# Sram Force, Campy Athena or Shimano Ultegra?



## nicko9676 (Dec 1, 2011)

Need to know what you would recommend as my build for my next bike? Personal experiences and interesting features and specs are more than welcome. :thumbsup:

Basically It will be used as a training/racing bike if that helps.


----------



## cxwrench (Nov 9, 2004)

they all work great. try them out at some bike shops and see which one blows your skirt up...that's really the only way to decide. you have to try them yourself, don't listen to all of the over-opinionated folks on here. anyone that is convinced there is only one way to go doesn't have have a clue. all 3 of those groups will work great when properly set up. you just have to make your own decision.


----------



## captain stubbing (Mar 30, 2011)

nicko9676 said:


> Need to know what you would recommend as my build for my next bike?
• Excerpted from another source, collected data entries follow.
(* Let $A_1,A_2$ be algebras and $k:A_1\to A_2$ an algebra epimorphism (surjective unital algebra homomorphism). Then $\dim(\mathfrak{u}_{A_2})\le\dim(\mathfrak{u}_{A_1})$.
   Context: An "algebra" is a real finite-dimensional unital associative algebra with underlying vector space $\mathbb{R}^n$, standard basis, elements column vectors $s=(x_1,\dots,x_n)^T$, $\mathbf{d}s=(dx_1,\dots,dx_n)^T$. An uncurling metric of $A$ is a real symmetric $n\times n$ matrix $L$ with $d\big((s^{-1})^TL\,\mathbf{d}s\big)=0$ on an open ball centered at $\mathbf{1}_A$ consisting only of units; the anti-rotor $\mathfrak{u}_A$ is the real vector space of all uncurling metrics of $A$. *)

theory Defs
  imports "HOL-Analysis.Analysis"
begin

definition is_algebra :: "(real^'n \<Rightarrow> real^'n \<Rightarrow> real^'n) \<Rightarrow> real^'n \<Rightarrow> bool" where
  "is_algebra mul one \<longleftrightarrow> bilinear mul \<and>
     (\<forall>a b c. mul (mul a b) c = mul a (mul b c)) \<and>
     (\<forall>a. mul one a = a \<and> mul a one = a)"

definition alg_units :: "(real^'n \<Rightarrow> real^'n \<Rightarrow> real^'n) \<Rightarrow> real^'n \<Rightarrow> (real^'n) set" where
  "alg_units mul one = {s. \<exists>t. mul s t = one \<and> mul t s = one}"

definition alg_inv :: "(real^'n \<Rightarrow> real^'n \<Rightarrow> real^'n) \<Rightarrow> real^'n \<Rightarrow> real^'n \<Rightarrow> real^'n" where
  "alg_inv mul one s = (THE t. mul s t = one \<and> mul t s = one)"

definition alg_hom :: "(real^'n \<Rightarrow> real^'n \<Rightarrow> real^'n) \<Rightarrow> real^'n \<Rightarrow>
    (real^'m \<Rightarrow> real^'m \<Rightarrow> real^'m) \<Rightarrow> real^'m \<Rightarrow> (real^'n \<Rightarrow> real^'m) \<Rightarrow> bool" where
  "alg_hom mul1 one1 mul2 one2 k \<longleftrightarrow> linear k \<and>
     (\<forall>a b. k (mul1 a b) = mul2 (k a) (k b)) \<and> k one1 = one2"

text \<open>The 1-form (s^{-1})^T L ds has coefficient vector f(s) = s^{-1} v* L;
  it is closed at s iff f is differentiable at s and d f_j/d x_k = d f_k / d x_j.\<close>
definition uncurling_metric :: "(real^'n \<Rightarrow> real^'n \<Rightarrow> real^'n) \<Rightarrow> real^'n \<Rightarrow> real^'n^'n \<Rightarrow> bool" where
  "uncurling_metric mul one L \<longleftrightarrow> transpose L = L \<and>
     (\<exists>r>0. ball one r \<subseteq> alg_units mul one \<and>
        (\<forall>s\<in>ball one r. \<exists>f'.
           ((\<lambda>x. alg_inv mul one x v* L) has_derivative f') (at s) \<and>
           (\<forall>j k. f' (axis k 1) $ j = f' (axis j 1) $ k)))"

definition anti_rotor :: "(real^'n \<Rightarrow> real^'n \<Rightarrow> real^'n) \<Rightarrow> real^'n \<Rightarrow> (real^'n^'n) set" where
  "anti_rotor mul one = {L. uncurling_metric mul one L}"

end

theory Submission
  imports Defs
begin

text \<open>Pulling metrics back along the surjection \<open>k\<close>, \<open>L \<mapsto> K\<^sup>T L K\<close> with \<open>K\<close> the
  matrix of \<open>k\<close>, is an injective linear map. Since \<open>k\<close> is multiplicative it maps inverses to
  inverses, so the coefficient vector of the form \<open>(s\<^sup>-\<^sup>1)\<^sup>T K\<^sup>T L K ds\<close> is
  \<open>f (k s) K\<close>, where \<open>f\<close> is that of \<open>(s\<^sup>-\<^sup>1)\<^sup>T L ds\<close>. Its Jacobian at \<open>s\<close> is
  \<open>K\<^sup>T J K\<close> with \<open>J\<close> the symmetric Jacobian of \<open>f\<close> at \<open>k s\<close>, hence again symmetric:
  the pull-back of an uncurling metric is uncurling, and the anti-rotor of \<open>A\<^sub>2\<close> embeds
  linearly into that of \<open>A\<^sub>1\<close>.\<close>

lemma is_algebra_bounded_bilinear:
  "is_algebra mul one \<Longrightarrow> bounded_bilinear mul"
  unfolding is_algebra_def by (simp add: bilinear_conv_bounded_bilinear)

lemma alg_units_if_inj_mul:
  assumes A: "is_algebra mul one" and inj: "inj (mul s)"
  shows "s \<in> alg_units mul one"
proof -
  have assoc: "\<And>a b c. mul (mul a b) c = mul a (mul b c)"
    and unit: "\<And>a. mul one a = a" "\<And>a. mul a one = a"
    using A unfolding is_algebra_def by auto
  have "linear (mul s)"
    using bounded_bilinear.bounded_linear_right[OF is_algebra_bounded_bilinear[OF A]]
    by (rule bounded_linear.linear)
  then have "surj (mul s)"
    using inj by (simp add: linear_injective_imp_surjective)
  then obtain t where t: "mul s t = one" by (metis surjD)
  have "mul s (mul t s) = mul s one" using t assoc unit by metis
  then have "mul t s = one" using inj by (simp add: inj_eq)
  with t show ?thesis unfolding alg_units_def by blast
qed

lemma alg_units_nhd:
  assumes A: "is_algebra mul one"
  shows "\<exists>r>0. ball one r \<subseteq> alg_units mul one"
proof -
  have bb: "bounded_bilinear mul" using A by (rule is_algebra_bounded_bilinear)
  have unit: "\<And>a. mul one a = a" using A unfolding is_algebra_def by auto
  obtain K where K: "K > 0" "\<And>a b. norm (mul a b) \<le> norm a * norm b * K"
    using bounded_bilinear.pos_bounded[OF bb] by blast
  show ?thesis
  proof (intro exI conjI subsetI)
    show "1 / K > 0" using K by simp
    fix s assume "s \<in> ball one (1 / K)"
    then have small: "norm (s - one) * K < 1" using K
      by (simp add: dist_norm norm_minus_commute field_simps)
    have "x = 0" if "mul s x = 0" for x
    proof -
      \<comment> \<open>\<open>x = - (s - 1) x\<close>, and multiplication by \<open>s - 1\<close> is a contraction\<close>
      have "mul (s - one) x = - x"
        using that unit by (simp add: bounded_bilinear.diff_left[OF bb])
      then have "norm x \<le> norm x * (norm (s - one) * K)"
        using K(2)[of "s - one" x] by (simp add: algebra_simps)
      with small have "norm x \<le> 0"
        by (smt (verit) mult_left_mono norm_ge_zero mult_le_cancel_left1)
      then show "x = 0" by simp
    qed
    then have "inj (mul s)"
      using bounded_bilinear.bounded_linear_right[OF bb]
      by (simp add: bounded_linear.linear linear_injective_0)
    then show "s \<in> alg_units mul one" using A by (simp add: alg_units_if_inj_mul)
  qed
qed

lemma alg_inv_eqI:
  assumes A: "is_algebra mul one" and "mul s t = one" and "mul t s = one"
  shows "alg_inv mul one s = t"
  unfolding alg_inv_def
proof (rule the_equality)
  show "mul s t = one \<and> mul t s = one" using assms by simp
  fix t' assume t': "mul s t' = one \<and> mul t' s = one"
  have assoc: "\<And>a b c. mul (mul a b) c = mul a (mul b c)"
    and unit: "\<And>a. mul one a = a" "\<And>a. mul a one = a"
    using A unfolding is_algebra_def by auto
  have "t' = mul t' (mul s t)" using assms unit by simp
  also have "\<dots> = mul (mul t' s) t" using assoc by simp
  also have "\<dots> = t" using t' unit by simp
  finally show "t' = t" .
qed

lemma alg_hom_alg_inv:
  assumes A1: "is_algebra mul1 one1" and A2: "is_algebra mul2 one2"
    and k: "alg_hom mul1 one1 mul2 one2 k" and s: "s \<in> alg_units mul1 one1"
  shows "k (alg_inv mul1 one1 s) = alg_inv mul2 one2 (k s)"
proof -
  obtain t where t: "mul1 s t = one1" "mul1 t s = one1"
    using s unfolding alg_units_def by blast
  have "alg_inv mul2 one2 (k s) = k t"
    using k t unfolding alg_hom_def by (intro alg_inv_eqI[OF A2]) metis+
  then show ?thesis using alg_inv_eqI[OF A1 t] by simp
qed

lemma matrix_works_real:
  fixes f :: "real^'n \<Rightarrow> real^'m"
  shows "linear f \<Longrightarrow> matrix f *v x = f x"
  by (simp add: matrix_works linear_matrix_vector_mul_eq)

definition pullback_metric :: "(real^'n \<Rightarrow> real^'m) \<Rightarrow> real^'m^'m \<Rightarrow> real^'n^'n" where
  "pullback_metric k L = transpose (matrix k) ** L ** matrix k"

lemma linear_pullback_metric: "linear (pullback_metric k)"
  unfolding pullback_metric_def
  by (rule linearI)
    (simp_all add: matrix_matrix_mult_def vec_eq_iff sum.distrib algebra_simps sum_distrib_left)

lemma transpose_pullback_metric:
  "transpose L = L \<Longrightarrow> transpose (pullback_metric k L) = pullback_metric k L"
  unfolding pullback_metric_def by (simp add: matrix_transpose_mul matrix_mul_assoc)

lemma inner_pullback_metric:
  assumes "linear k"
  shows "x \<bullet> (pullback_metric k L *v y) = k x \<bullet> (L *v k y)"
proof -
  have "x \<bullet> (pullback_metric k L *v y) = x \<bullet> (transpose (matrix k) *v (L *v (matrix k *v y)))"
    unfolding pullback_metric_def by (simp add: matrix_vector_mul_assoc matrix_mul_assoc)
  also have "\<dots> = (matrix k *v x) \<bullet> (L *v (matrix k *v y))"
    by (metis dot_lmul_matrix vector_transpose_matrix)
  finally show ?thesis using assms by (simp add: matrix_works_real)
qed

lemma vector_matrix_mult_pullback_metric:
  assumes "linear k"
  shows "x v* pullback_metric k L = (k x v* L) v* matrix k"
proof -
  have "x v* pullback_metric k L = ((x v* transpose (matrix k)) v* L) v* matrix k"
    unfolding pullback_metric_def by (simp only: vector_matrix_mul_assoc)
  then show ?thesis by (simp only: vector_transpose_matrix matrix_works_real[OF assms])
qed

lemma inj_pullback_metric:
  assumes "linear k" and "surj k"
  shows "inj (pullback_metric k)"
  unfolding linear_injective_0[OF linear_pullback_metric]
proof (intro allI impI)
  fix L assume L: "pullback_metric k L = 0"
  have "u \<bullet> (L *v v) = 0" for u v
  proof -
    obtain x y where "u = k x" and "v = k y" using \<open>surj k\<close> by (metis surjD)
    then show ?thesis using inner_pullback_metric[OF \<open>linear k\<close>, of x L y] L by simp
  qed
  then have "\<And>v. L *v v = 0" by (metis inner_eq_zero_iff)
  then show "L = 0" by (simp add: matrix_eq)
qed

lemma inner_commute_if_axis_symmetric:
  fixes F :: "real^'n \<Rightarrow> real^'n"
  assumes lin: "linear F" and sym: "\<forall>i j. F (axis j 1) $ i = F (axis i 1) $ j"
  shows "F v \<bullet> u = F u \<bullet> v"
proof -
  have symm: "transpose (matrix F) = matrix F"
    unfolding matrix_def transpose_def using sym by (simp add: vec_eq_iff)
  have "F v \<bullet> u = (matrix F *v v) \<bullet> u" using lin by (simp add: matrix_works_real)
  also have "\<dots> = v \<bullet> (transpose (matrix F) *v u)"
    by (metis dot_lmul_matrix vector_transpose_matrix)
  also have "\<dots> = F u \<bullet> v" using lin symm by (simp add: matrix_works_real inner_commute)
  finally show ?thesis .
qed

lemma axis_symmetric_pullback:
  fixes F :: "real^'m \<Rightarrow> real^'m" and k :: "real^'n \<Rightarrow> real^'m"
  assumes "linear F" and "linear k" and "\<forall>i j. F (axis j 1) $ i = F (axis i 1) $ j"
  shows "(F (k (axis j 1)) v* matrix k) $ i = (F (k (axis i 1)) v* matrix k) $ j"
proof -
  have "\<And>w i. (w v* matrix k) $ i = w \<bullet> k (axis i 1)"
    using \<open>linear k\<close> by (metis cart_eq_inner_axis dot_lmul_matrix matrix_works_real)
  then show ?thesis using inner_commute_if_axis_symmetric[OF assms(1,3)] by simp
qed

lemma uncurling_metric_pullback:
  fixes mul1 :: "real^'n \<Rightarrow> real^'n \<Rightarrow> real^'n" and mul2 :: "real^'m \<Rightarrow> real^'m \<Rightarrow> real^'m"
  assumes A1: "is_algebra mul1 one1" and A2: "is_algebra mul2 one2"
    and k: "alg_hom mul1 one1 mul2 one2 k"
    and L: "uncurling_metric mul2 one2 L"
  shows "uncurling_metric mul1 one1 (pullback_metric k L)"
proof -
  have lin: "linear k" and k1: "k one1 = one2" using k unfolding alg_hom_def by simp_all
  obtain r2 where "r2 > 0" and r2: "\<forall>s\<in>ball one2 r2. \<exists>f'.
      ((\<lambda>x. alg_inv mul2 one2 x v* L) has_derivative f') (at s) \<and>
      (\<forall>i j. f' (axis j 1) $ i = f' (axis i 1) $ j)"
    using L unfolding uncurling_metric_def by blast
  obtain r0 where "r0 > 0" and r0: "ball one1 r0 \<subseteq> alg_units mul1 one1"
    using alg_units_nhd[OF A1] by blast
  have "isCont k one1" using lin by (simp add: linear_continuous_at linear_conv_bounded_linear)
  then obtain d where "d > 0" and d: "k ` ball one1 d \<subseteq> ball one2 r2"
    using \<open>r2 > 0\<close> unfolding continuous_at_ball k1 by blast
  define r where "r = min r0 d"
  have form: "(alg_inv mul2 one2 (k x) v* L) v* matrix k = alg_inv mul1 one1 x v* pullback_metric k L"
    if "x \<in> ball one1 r" for x
    using that r0 alg_hom_alg_inv[OF A1 A2 k] lin
    by (auto simp: r_def vector_matrix_mult_pullback_metric)
  have "\<exists>f'. ((\<lambda>x. alg_inv mul1 one1 x v* pullback_metric k L) has_derivative f') (at s) \<and>
      (\<forall>i j. f' (axis j 1) $ i = f' (axis i 1) $ j)" if s: "s \<in> ball one1 r" for s
  proof -
    have "s \<in> ball one1 d" using s by (simp add: r_def)
    then have "k s \<in> ball one2 r2" using d by blast
    then obtain f' where f': "((\<lambda>x. alg_inv mul2 one2 x v* L) has_derivative f') (at (k s))"
      "\<forall>i j. f' (axis j 1) $ i = f' (axis i 1) $ j"
      using r2 by blast
    have "(k has_derivative k) (at s)"
      using lin by (simp add: bounded_linear_imp_has_derivative linear_conv_bounded_linear)
    from diff_chain_at[OF this f'(1)]
    have inner: "((\<lambda>x. alg_inv mul2 one2 (k x) v* L) has_derivative (\<lambda>h. f' (k h))) (at s)"
      by (simp add: o_def)
    have "bounded_linear (\<lambda>y. y v* matrix k)"
      by (simp add: linear_conv_bounded_linear[symmetric] flip: transpose_matrix_vector)
    from diff_chain_at[OF inner bounded_linear_imp_has_derivative[OF this]]
    have "((\<lambda>x. (alg_inv mul2 one2 (k x) v* L) v* matrix k)
        has_derivative (\<lambda>h. f' (k h) v* matrix k)) (at s)"
      by (simp add: o_def)
    then have "((\<lambda>x. alg_inv mul1 one1 x v* pullback_metric k L)
        has_derivative (\<lambda>h. f' (k h) v* matrix k)) (at s)"
      by (rule has_derivative_transform_within_open[OF _ open_ball s]) (rule form)
    moreover have "linear f'" using f'(1) by (rule has_derivative_linear)
    ultimately show ?thesis
      using axis_symmetric_pullback[OF _ lin f'(2)] by blast
  qed
  moreover have "transpose L = L" using L unfolding uncurling_metric_def by simp
  moreover have "r > 0" using \<open>r0 > 0\<close> \<open>d > 0\<close> by (simp add: r_def)
  moreover have "ball one1 r \<subseteq> alg_units mul1 one1" using r0 by (auto simp: r_def)
  ultimately show ?thesis
    unfolding uncurling_metric_def by (auto simp: transpose_pullback_metric)
qed

theorem corollary6p2:
  fixes mul1 :: "real^'n \<Rightarrow> real^'n \<Rightarrow> real^'n" and one1 :: "real^'n"
    and mul2 :: "real^'m \<Rightarrow> real^'m \<Rightarrow> real^'m" and one2 :: "real^'m"
    and k :: "real^'n \<Rightarrow> real^'m"
  assumes "is_algebra mul1 one1" and "is_algebra mul2 one2"
    and "alg_hom mul1 one1 mul2 one2 k" and "surj k"
  shows "dim (anti_rotor mul2 one2) \<le> dim (anti_rotor mul1 one1)"
proof -
  have "linear k" using assms(3) unfolding alg_hom_def by simp
  then have "inj (pullback_metric k)" using assms(4) by (rule inj_pullback_metric)
  then have "dim (anti_rotor mul2 one2) = dim (pullback_metric k ` anti_rotor mul2 one2)"
    using dim_image_eq[OF linear_pullback_metric] by (metis inj_on_subset subset_UNIV)
  also have "\<dots> \<le> dim (anti_rotor mul1 one1)"
    using uncurling_metric_pullback[OF assms(1-3)]
    by (intro dim_subset) (auto simp: anti_rotor_def)
  finally show ?thesis .
qed

end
Personal experiences and interesting features and specs are more than welcome. :thumbsup:
> 
> Basically It will be used as a training/racing bike if that helps.


as if this hasn't been done to death like a million times...you won't be faster with what ever u chose, flip a coin or two and be done with it!

they all work wone4rlously well, and in fact eithe rone will probably be better than u deserve.

good night.


----------



## kbwh (May 28, 2010)

SRAM and Shimano are easier when it comes to neutral support in races. C11 is not common.

I love the Campagnolo ergonomics, but with Athena hoods you don't get that great multiple upshift functionality available on Chorus, Record and SR. The thumb shifter isn't an easy reach from the drops of all bars.
Ultegra just works as it is. I don't like that brifter, though. BTTW I tend to shift when braking and vice versa.
Force is fine, but Red hoods would be an upgrade.

My choice would be Athena, but with Chorus hoods.


----------



## T0mi (Mar 2, 2011)

kbwh said:


> The thumb shifter isn't an easy reach from the drops of all bars.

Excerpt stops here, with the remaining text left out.